From the listing below, copy each line where "Rightarrow" occurs.
++++ Dataset records ++++
theorem theorem2p11:
  fixes n :: nat and \<pi> :: "int \<Rightarrow> int"
  assumes "n \<ge> 1" and "\<pi> \<in> L (n + 1)"
  shows "\<exists>!ps :: (int \<Rightarrow> int) list. length ps = n \<and> (\<forall>j<n. ps ! j \<in> RL n j)
            \<and> \<pi> = foldr (\<circ>) ps id"
proof -
  have bij: "bij_betw (\<lambda>ps. foldr (\<circ>) ps id) (choice_lists (RL n) n) (L (Suc n))"
    by (rule bij_betw_foldr_comp_choice_lists[OF RL_0_eq right_transversal_RL assms(1)])
  from bij_betw_ex1_preimage[OF this] assms(2) show ?thesis
    by (simp add: choice_lists_def eq_commute)
qed

end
++++
# Response box:
  fixes n :: nat and \<pi> :: "int \<Rightarrow> int"
  shows "\<exists>!ps :: (int \<Rightarrow> int) list. length ps = n \<and> (\<forall>j<n. ps ! j \<in> RL n j)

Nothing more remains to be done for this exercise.